X_train_line_error = mse(linear_clf.predict(X_train), y_train) #SOLUTION
X_valid_line_error = mse(linear_clf.predict(X_valid), y_valid) #SOLUTION

X_train_poly_error = mse(poly_pipeline.predict(X_train), y_train) #SOLUTION
X_valid_poly_error = mse(poly_pipeline.predict(X_valid), y_valid) #SOLUTION

X_train_line_error, X_valid_line_error, X_train_poly_error, X_valid_poly_error

Question 9: Our 8 degree polynomial is overfitting our data. To reduce overfitting, we can use regularization.

The usual cost function for linear regression is:

$$J(\theta) = (Y - X \theta)^T (Y - X \theta)$$

Edit the cell below to show the cost function of linear regressions with L2 regularization. Use $\lambda $ as your regularization parameter.

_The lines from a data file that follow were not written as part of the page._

(* Let $X$ be as in the context. Then $X$ is positive recurrent if either (a) $v(x)\gtrsim x^c$ for some constant $c\le 2$ and $\limsup_{x\to\infty}J(x)<c-1$, or (b) $v(x)\gtrsim x^c$ for some constant $c>2$ and $\limsup_{x\to\infty}H_1(x)<1$.
   Context: Let $\mathbb S\subseteq\mathbb Z_{\ge0}$ be an infinite set and let $X$ be an irreducible continuous-time Markov chain on $\mathbb S$ whose generator acts on functions $f:\mathbb S\to\mathbb R$ by $\mathcal A f(x)=\sum_{\eta\in\mathbb Z}\lambda_\eta(x)\big(f(x+\eta)-f(x)\big)$, where $\lambda_\eta(x)$ is the rate of the jump $x\to x+\eta$ (and $\lambda_\eta(x)=0$ whenever $x+\eta\notin\mathbb S$). Standing assumption: (a) there is a finite set $\Gamma\subset\mathbb Z$ such that $\lambda_\eta\equiv0$ for $\eta\notin\Gamma$; (b) $0\le\lambda_\eta(x)<\infty$ for all $x,\eta$. Define $m(x)=\sum_{\eta}\eta\,\lambda_\eta(x)$, $v(x)=\frac12\sum_\eta\eta^2\lambda_\eta(x)$ (positive on $\mathbb S$), $J(x)=\dfrac{m(x)x}{v(x)}$, and for $x>1$, $H_1(x)=\dfrac{(\log x)(m(x)x-v(x))}{v(x)}$. Notation: $g\gtrsim h$ means there is $C>0$ with $h(x)\le Cg(x)$ for all sufficiently large $x\in\mathbb S$. *)

theory Defs
  imports "HOL-Analysis.Analysis"
begin

text \<open>A chain on S (a set of naturals) is given by rates lam eta x of the jump x -> x + eta
  (eta an integer), and a finite set Gamma of possible jumps.\<close>

definition drift :: "int set \<Rightarrow> (int \<Rightarrow> nat \<Rightarrow> real) \<Rightarrow> nat \<Rightarrow> real" where
  "drift \<Gamma> lam x = (\<Sum>\<eta>\<in>\<Gamma>. real_of_int \<eta> * lam \<eta> x)"

definition diffu :: "int set \<Rightarrow> (int \<Rightarrow> nat \<Rightarrow> real) \<Rightarrow> nat \<Rightarrow> real" where
  "diffu \<Gamma> lam x = (1/2) * (\<Sum>\<eta>\<in>\<Gamma>. (real_of_int \<eta>)^2 * lam \<eta> x)"

definition Jfun :: "int set \<Rightarrow> (int \<Rightarrow> nat \<Rightarrow> real) \<Rightarrow> nat \<Rightarrow> real" where
  "Jfun \<Gamma> lam x = drift \<Gamma> lam x * real x / diffu \<Gamma> lam x"

definition H1fun :: "int set \<Rightarrow> (int \<Rightarrow> nat \<Rightarrow> real) \<Rightarrow> nat \<Rightarrow> real" where
  "H1fun \<Gamma> lam x = ln (real x) * (drift \<Gamma> lam x * real x - diffu \<Gamma> lam x) / diffu \<Gamma> lam x"

definition qrate :: "int set \<Rightarrow> (int \<Rightarrow> nat \<Rightarrow> real) \<Rightarrow> nat \<Rightarrow> real" where
  "qrate \<Gamma> lam x = (\<Sum>\<eta>\<in>\<Gamma> - {0}. lam \<eta> x)"

definition jump_prob :: "int set \<Rightarrow> (int \<Rightarrow> nat \<Rightarrow> real) \<Rightarrow> nat \<Rightarrow> nat \<Rightarrow> real" where
  "jump_prob \<Gamma> lam x y = (if y = x then 0 else lam (int y - int x) x / qrate \<Gamma> lam x)"

fun path_prob :: "int set \<Rightarrow> (int \<Rightarrow> nat \<Rightarrow> real) \<Rightarrow> nat \<Rightarrow> nat list \<Rightarrow> real" where
  "path_prob \<Gamma> lam x [] = 1"
| "path_prob \<Gamma> lam x (y # ys) = jump_prob \<Gamma> lam x y * path_prob \<Gamma> lam y ys"

text \<open>Expected total holding time (mean holding time in z is 1 / q z) spent in the states
  x, y1, ..., y(k-1) before the jump chain makes the last jump of the path [y1,...,yk].\<close>
fun hold_time :: "int set \<Rightarrow> (int \<Rightarrow> nat \<Rightarrow> real) \<Rightarrow> nat \<Rightarrow> nat list \<Rightarrow> real" where
  "hold_time \<Gamma> lam x [] = 0"
| "hold_time \<Gamma> lam x (y # ys) = 1 / qrate \<Gamma> lam x + hold_time \<Gamma> lam y ys"

definition return_paths :: "nat set \<Rightarrow> nat \<Rightarrow> nat list set" where
  "return_paths S x = {ys. ys \<noteq> [] \<and> last ys = x \<and> x \<notin> set (butlast ys) \<and> set ys \<subseteq> S}"

text \<open>Positive recurrence of the (minimal) continuous-time chain: every state x is recurrent
  (return probability 1) and has finite mean return time
  E_x[T_x] = E_x[sum of holding times before the first return of the jump chain].\<close>
definition positive_recurrent :: "nat set \<Rightarrow> int set \<Rightarrow> (int \<Rightarrow> nat \<Rightarrow> real) \<Rightarrow> bool" where
  "positive_recurrent S \<Gamma> lam \<longleftrightarrow>
     (\<forall>x\<in>S.
        (\<integral>\<^sup>+ ys. ennreal (path_prob \<Gamma> lam x ys) \<partial>count_space (return_paths S x)) = 1 \<and>
        (\<integral>\<^sup>+ ys. ennreal (path_prob \<Gamma> lam x ys * hold_time \<Gamma> lam x ys)
            \<partial>count_space (return_paths S x)) < \<infinity>)"

fun pos_path :: "(int \<Rightarrow> nat \<Rightarrow> real) \<Rightarrow> nat \<Rightarrow> nat list \<Rightarrow> bool" where
  "pos_path lam x [] = True"
| "pos_path lam x (y # ys) = (y \<noteq> x \<and> lam (int y - int x) x > 0 \<and> pos_path lam y ys)"

definition irreducible :: "nat set \<Rightarrow> (int \<Rightarrow> nat \<Rightarrow> real) \<Rightarrow> bool" where
  "irreducible S lam \<longleftrightarrow>
     (\<forall>x\<in>S. \<forall>y\<in>S. \<exists>ys. set ys \<subseteq> S \<and> last (x # ys) = y \<and> pos_path lam x ys)"

definition gtrsim :: "nat set \<Rightarrow> (nat \<Rightarrow> real) \<Rightarrow> (nat \<Rightarrow> real) \<Rightarrow> bool" where
  "gtrsim S g h \<longleftrightarrow> (\<exists>C>0. \<forall>\<^sub>F x in inf sequentially (principal S). h x \<le> C * g x)"

end

theory Submission
  imports Defs
begin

$$J(\theta) = (Y - X \theta)^T (Y - X \theta)$$

Now, explain why this cost function helps reduce overfitting.

SOLUTION: Adding regularization effectively restricts the set of possible polynomials we're allowed to use to fit the data. In particular, polynomials with large coefficients, which can be used to fit data very precisely, are discouraged.

Question 10: L2 regularization for linear regression is also known as Ridge regression. Create a pipeline called ridge_pipeline that again creates polynomial features with degree 8 and then uses the Ridge sklearn classifier.

The alpha argument is the same as our $\lambda$. Leave it as the default (1.0). You should set normalize=True to normalize your data before fitting. Why do we have to do this?

Then, fit your pipeline on the data. The cell will then plot the curve of your regularized classifier. You should notice the curve is significantly smoother.

Then, fiddle around with the alpha value. What do you notice as you increase alpha? Decrease alpha?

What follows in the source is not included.